Consider this piece of prefix sum function written in C:
void prefix_sum(int *a, int n) {
for (int i = 1; i < n; i++)
a[i] += a[i - 1];
}
The function is transformed into the following LLVM IR before GVN pass:
define dso_local void @prefix_sum(ptr nocapture noundef %a, i32 noundef %n) local_unnamed_addr {
entry:
%cmp7 = icmp sgt i32 %n, 1
br i1 %cmp7, label %for.body.preheader, label %for.cond.cleanup
for.body.preheader: ; preds = %entry
%wide.trip.count = zext i32 %n to i64
br label %for.body
for.cond.cleanup.loopexit: ; preds = %for.body
br label %for.cond.cleanup
for.cond.cleanup: ; preds = %for.cond.cleanup.loopexit, %entry
ret void
for.body: ; preds = %for.body.preheader, %for.body
%indvars.iv = phi i64 [ 1, %for.body.preheader ], [ %indvars.iv.next, %for.body ]
%0 = getelementptr i32, ptr %a, i64 %indvars.iv
%arrayidx = getelementptr i8, ptr %0, i64 -4
%1 = load i32, ptr %arrayidx, align 4
%2 = load i32, ptr %0, align 4
%add = add nsw i32 %2, %1
store i32 %add, ptr %0, align 4
%indvars.iv.next = add nuw nsw i64 %indvars.iv, 1
%exitcond = icmp ne i64 %indvars.iv.next, %wide.trip.count
br i1 %exitcond, label %for.body, label %for.cond.cleanup.loopexit
}
I found that the GVN pass does not perform PRE for load in %1, since the PHI transform for %0 fails.
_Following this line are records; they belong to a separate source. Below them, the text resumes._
lemma alg_smul_zero: "alg_smul c (0 :: 'k::field alg) = 0"
  by (simp add: alg_smul_def vsmul_def zero_prod_def)

lemma is_subspace_eigsp:
  assumes add: "\<And>x y. T (x + y) = T x + T y"
    and smul: "\<And>c x. T (alg_smul c x) = alg_smul c (T x)"
  shows "is_subspace (eigsp T \<alpha>)"
proof -
  have "T 0 = 0" using add[of 0 0] by simp
  then show ?thesis
    unfolding is_subspace_def eigsp_def by (simp add: add smul alg_smul_add alg_smul_commute alg_smul_zero)
qed

lemma Anil_coords:
  "Anil ((e1, a1, (p1, q1), (r1, s1)) :: 'k::field alg) (e2, a2, (p2, q2), (r2, s2)) =
     (e1 * e2, 0, (a1 * s2 + a2 * s1, 0), (a1 * q2 + a2 * q1, 0))"
  by (simp add: Amul_def vsmul_def nilf_def)

lemma Dmap_add: "Dmap (x + y) = Dmap x + Dmap (y :: 'k::field alg)"
  by (simp add: Dmap_def split_beta)

lemma Dmap_alg_smul: "Dmap (alg_smul c x) = alg_smul c (Dmap (x :: 'k::field alg))"
  by (simp add: Dmap_def alg_smul_def vsmul_def split_beta)

lemma Anil_assoc: "Anil (Anil x y) z = Anil x (Anil y (z :: 'k::field alg))"
  by (simp add: Amul_def vsmul_def nilf_def split_beta)

lemma Anil_commute: "Anil x y = Anil y (x :: 'k::field alg)"
  by (simp add: Amul_def vsmul_def nilf_def split_beta add.commute mult.commute)

lemma Dmap_Anil: "Dmap (Anil x y) = - Anil (Dmap x) y - Anil x (Dmap (y :: 'k::field alg))"
  by (simp add: Amul_def vsmul_def nilf_def Dmap_def split_beta algebra_simps)

lemma eigsp_Dmap_0: "eigsp (Dmap :: 'k::field alg \<Rightarrow> 'k alg) 0 = {(c, d, 0, 0) | c d. True}"
  by (auto simp: eigsp_def Dmap_def alg_smul_def vsmul_def zero_prod_def)

lemma eigsp_Dmap_1:
  assumes "(2::'k::field) \<noteq> 0"
  shows "eigsp (Dmap :: 'k alg \<Rightarrow> 'k alg) 1 = {(0, 0, v, 0) | v. True}"
  using assms by (auto simp: eigsp_def Dmap_def alg_smul_def vsmul_def zero_prod_def)

lemma eigsp_Dmap_minus_1:
  assumes "(2::'k::field) \<noteq> 0"
  shows "eigsp (Dmap :: 'k alg \<Rightarrow> 'k alg) (-1) = {(0, 0, 0, w) | w. True}"
  using assms by (auto simp: eigsp_def Dmap_def alg_smul_def vsmul_def zero_prod_def)

lemma Anil_mem_eigsp_Dmap:
  assumes "x \<in> eigsp Dmap \<alpha>" "y \<in> eigsp Dmap \<beta>"
  shows "Anil x y \<in> eigsp Dmap (- (\<alpha> + \<beta>) :: 'k::field)"
  using assms Dmap_Anil[of x y]
  by (simp add: eigsp_def Amul_def vsmul_def nilf_def alg_smul_def split_beta algebra_simps)

definition Dmap_grading_op :: "int \<Rightarrow> int \<Rightarrow> int option" where
  "Dmap_grading_op g h = (if g = 0 \<or> h = 0 then Some (- (g + h)) else None)"

lemma Dmap_eigen_decomposition:
  assumes "(2::'k::field) \<noteq> 0"
  shows "\<exists>!c. (\<forall>g\<in>{0, 1, -1}. c g \<in> eigsp Dmap (of_int g))
    \<and> (\<forall>g. g \<notin> {0, 1, -1::int} \<longrightarrow> c g = 0) \<and> (x :: 'k alg) = (\<Sum>g\<in>{0, 1, -1}. c g)"
proof -
  note eigsp = eigsp_Dmap_0 eigsp_Dmap_1[OF assms] eigsp_Dmap_minus_1[OF assms]
  obtain e a v w where x: "x = (e, a, v, w)" by (cases x) auto
  let ?c = "\<lambda>g::int. if g = 0 then (e, a, 0, 0) else if g = 1 then (0, 0, v, 0)
     else if g = -1 then (0, 0, 0, w) else (0::'k alg)"
  show ?thesis
  proof (rule ex1I[of _ ?c])
    show "(\<forall>g\<in>{0, 1, -1}. ?c g \<in> eigsp Dmap (of_int g))
      \<and> (\<forall>g. g \<notin> {0, 1, -1::int} \<longrightarrow> ?c g = 0) \<and> x = (\<Sum>g\<in>{0, 1, -1}. ?c g)"
      by (auto simp: eigsp x zero_prod_def)
  next
    fix c assume c: "(\<forall>g\<in>{0, 1, -1}. c g \<in> eigsp Dmap (of_int g))
      \<and> (\<forall>g. g \<notin> {0, 1, -1::int} \<longrightarrow> c g = 0) \<and> x = (\<Sum>g\<in>{0, 1, -1}. c g)"
    then obtain e' a' v' w' where
      c_parts: "c 0 = (e', a', 0, 0)" "c 1 = (0, 0, v', 0)" "c (-1) = (0, 0, 0, w')"
      by (auto simp: eigsp)
    with c have "e' = e \<and> a' = a \<and> v' = v \<and> w' = w"
      by (auto simp: x zero_prod_def)
    with c c_parts show "c = ?c" by auto
  qed
qed

lemma Dmap_grading_op_iff_nonzero_product:
  assumes "(2::'k::field) \<noteq> 0" "g \<in> {0, 1, -1}" "h \<in> {0, 1, -1}"
  shows "Dmap_grading_op g h \<noteq> None \<longleftrightarrow>
    (\<exists>x\<in>eigsp Dmap (of_int g). \<exists>y\<in>eigsp Dmap (of_int h). Anil x y \<noteq> (0::'k alg))"
proof -
  note eigsp = eigsp_Dmap_0 eigsp_Dmap_1[OF assms(1)] eigsp_Dmap_minus_1[OF assms(1)]
  have nonzero: "\<exists>x\<in>eigsp Dmap (of_int g). \<exists>y\<in>eigsp Dmap (of_int h). Anil x y \<noteq> (0::'k alg)"
    if "g = 0 \<or> h = 0"
  proof -
    define e :: "'k alg" where "e = (1, 0, 0, 0)"
    define a :: "'k alg" where "a = (0, 1, 0, 0)"
    define v :: "'k alg" where "v = (0, 0, (0, 1), 0)"
    define w :: "'k alg" where "w = (0, 0, 0, (0, 1))"
    have degrees: "e \<in> eigsp Dmap 0" "a \<in> eigsp Dmap 0"
        "v \<in> eigsp Dmap 1" "w \<in> eigsp Dmap (-1)"
      by (simp_all add: eigsp e_def a_def v_def w_def)
    have products: "Anil e e \<noteq> 0" "Anil a v \<noteq> 0" "Anil a w \<noteq> 0"
      by (simp_all add: e_def a_def v_def w_def Anil_coords[unfolded zero_prod_def] zero_prod_def)
    then have "Anil v a \<noteq> 0" "Anil w a \<noteq> 0"
      by (simp_all add: Anil_commute[of _ a])
    with products degrees that assms(2,3) show ?thesis
      by auto blast+
  qed
  have zero: "Anil x y = (0::'k alg)"
    if "g \<noteq> 0" "h \<noteq> 0" "x \<in> eigsp Dmap (of_int g)" "y \<in> eigsp Dmap (of_int h)" for x y
    using that assms(2,3) by (auto simp: eigsp Anil_coords zero_prod_def)
  show ?thesis
    unfolding Dmap_grading_op_def using nonzero zero by auto
qed

lemma is_grading_Dmap:
  assumes "(2::'k::field) \<noteq> 0"
  shows "is_grading (Anil :: 'k alg \<Rightarrow> 'k alg \<Rightarrow> 'k alg) {0, 1, -1}
    (\<lambda>g. eigsp Dmap (of_int g)) Dmap_grading_op"
  unfolding is_grading_def
proof (intro conjI ballI allI impI)
  fix g h k :: int
  assume g: "g \<in> {0, 1, -1}" and h: "h \<in> {0, 1, -1}" and k: "Dmap_grading_op g h = Some k"
  then have "k = - (g + h)" "g = 0 \<or> h = 0"
    by (auto simp: Dmap_grading_op_def split: if_splits)
  then show "k \<in> {0, 1, -1}"
    using g h by auto
  show "Anil x y \<in> (eigsp Dmap (of_int k) :: 'k alg set)"
    if "x \<in> eigsp Dmap (of_int g)" "y \<in> eigsp Dmap (of_int h)" for x y
    using Anil_mem_eigsp_Dmap[OF that] \<open>k = - (g + h)\<close> by simp
qed (rule is_subspace_eigsp[OF Dmap_add Dmap_alg_smul] Dmap_eigen_decomposition[OF assms]
      Dmap_grading_op_iff_nonzero_product[OF assms] | assumption | simp)+

theorem mainTheorem5:
  assumes char: "(2::'k::field) \<noteq> 0"
  shows "(\<forall>x y z :: 'k alg. Anil (Anil x y) z = Anil x (Anil y z))
    \<and> (\<forall>x y :: 'k alg. Anil x y = Anil y x)
    \<and> (\<forall>x y :: 'k alg. Dmap (Anil x y) = - Anil (Dmap x) y - Anil x (Dmap y))
    \<and> eigsp (Dmap :: 'k alg \<Rightarrow> 'k alg) 0 = {(c, d, 0, 0) | c d. True}
    \<and> eigsp (Dmap :: 'k alg \<Rightarrow> 'k alg) 1 = {(0, 0, v, 0) | v. True}
    \<and> eigsp (Dmap :: 'k alg \<Rightarrow> 'k alg) (-1) = {(0, 0, 0, w) | w. True}
    \<and> (\<exists>op. is_grading (Anil :: 'k alg \<Rightarrow> 'k alg \<Rightarrow> 'k alg) {0, 1, -1 :: int}
              (\<lambda>g. eigsp Dmap (of_int g)) op)
    \<and> (\<forall>op. is_grading (Anil :: 'k alg \<Rightarrow> 'k alg \<Rightarrow> 'k alg) {0, 1, -1 :: int}
              (\<lambda>g. eigsp Dmap (of_int g)) op \<longrightarrow>
            op 0 0 = Some 0 \<and> op 0 1 = Some (-1) \<and> op 1 0 = Some (-1)
            \<and> op 0 (-1) = Some 1 \<and> op (-1) 0 = Some 1
            \<and> (\<forall>\<iota> :: int \<Rightarrow> 's::semigroup_mult.
                  \<not> semigroup_grading_into {0, 1, -1 :: int} op \<iota>))"
proof (intro conjI allI impI)
  fix op assume "is_grading (Anil :: 'k alg \<Rightarrow> 'k alg \<Rightarrow> 'k alg) {0, 1, -1 :: int}
    (\<lambda>g. eigsp Dmap (of_int g)) op"
  from grading_op_unique[OF this is_grading_Dmap[OF char]]
  have op: "op g h = Dmap_grading_op g h" if "g \<in> {0, 1, -1}" "h \<in> {0, 1, -1}" for g h
    using that by blast
  show "op 0 0 = Some 0" "op 0 1 = Some (-1)" "op 1 0 = Some (-1)"
    "op 0 (-1) = Some 1" "op (-1) 0 = Some 1"
    by (simp_all add: op Dmap_grading_op_def)
  show "\<not> semigroup_grading_into {0, 1, -1 :: int} op (\<iota> :: int \<Rightarrow> 's::semigroup_mult)" for \<iota>
    by (rule not_semigroup_grading_into[of 0 _ 1 "-1"]) (simp_all add: op Dmap_grading_op_def)
qed (use Anil_assoc Anil_commute Dmap_Anil eigsp_Dmap_0 eigsp_Dmap_1[OF char]
      eigsp_Dmap_minus_1[OF char] is_grading_Dmap[OF char] in blast)+

end
(* Let $\rho$ be a density operator and $\sigma$ a non-negative operator on a finite-dimensional Hilbert space, and let $1\ge\epsilon>\epsilon'\ge0$. Then $$D_H^\epsilon(\rho\|\sigma)\le D_{\max}^{\epsilon'}(\rho\|\sigma)+\log_2\frac{\epsilon}{\epsilon-\epsilon'}.$$
   Context: The fidelity is $F(\rho,\sigma)=\|\sqrt\rho\sqrt\sigma\|_1$. For non-negative $\rho,\sigma$ and $\epsilon\in(0,\mathrm{tr}(\rho)]$, the generalised relative entropy is defined by $2^{-D_H^\epsilon(\rho\|\sigma)}=\inf\{\mathrm{tr}(Q\sigma)/\epsilon:\ 0\le Q\le\mathrm{id},\ \mathrm{tr}(Q\rho)\ge\epsilon\}$. For a density operator $\rho$ and $\epsilon\ge0$, the $\epsilon$-smooth max-relative entropy is defined by $2^{-D_{\max}^\epsilon(\rho\|\sigma)}=\sup\{\mu:\ \mu\bar\rho\le\sigma,\ 1-F(\bar\rho,\rho)^2\le\epsilon^2\}$, the supremum over non-negative operators $\bar\rho$ with $\mathrm{tr}(\bar\rho)\le1$ and reals $\mu$. In both cases the relative entropy is $\infty$ when the right-hand side is $0$. *)

theory Defs
  imports Complex_Main "Jordan_Normal_Form.Schur_Decomposition" "HOL-Library.Extended_Real"
begin

text \<open>Operators on the finite-dimensional Hilbert space C^n are represented as
  complex n x n matrices (Jordan_Normal_Form).\<close>

definition cmat_trace :: "complex mat \<Rightarrow> complex" where
  "cmat_trace A = (\<Sum>i<dim_row A. A $$ (i, i))"

definition nonneg_op :: "complex mat \<Rightarrow> bool" where
  "nonneg_op A \<longleftrightarrow> A \<in> carrier_mat (dim_row A) (dim_row A) \<and> mat_adjoint A = A \<and>
     (\<forall>v \<in> carrier_vec (dim_row A). Re ((A *\<^sub>v v) \<bullet>c v) \<ge> 0)"

definition op_le :: "complex mat \<Rightarrow> complex mat \<Rightarrow> bool" where
  "op_le A B \<longleftrightarrow> dim_row A = dim_row B \<and> dim_col A = dim_col B \<and> nonneg_op (B - A)"

definition density_op :: "complex mat \<Rightarrow> bool" where
  "density_op \<rho> \<longleftrightarrow> nonneg_op \<rho> \<and> cmat_trace \<rho> = 1"

definition op_sqrt :: "complex mat \<Rightarrow> complex mat" where
  "op_sqrt A = (THE B. nonneg_op B \<and> dim_row B = dim_row A \<and> B * B = A)"

definition trace_norm :: "complex mat \<Rightarrow> real" where
  "trace_norm X = Re (cmat_trace (op_sqrt (mat_adjoint X * X)))"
The load does get optimized into phi in LoopLoadElimination pass, but this got me curious as one of the tests (see test5 in llvm/test/Transforms/GVN/PRE/rle-phi-translate.ll) for GVN/PRE uses similar pattern, and ensures that GVN eliminates load for (i - 1)-th index of the array. Is this an intended behavior for the pass, or a missed optimization opportunity?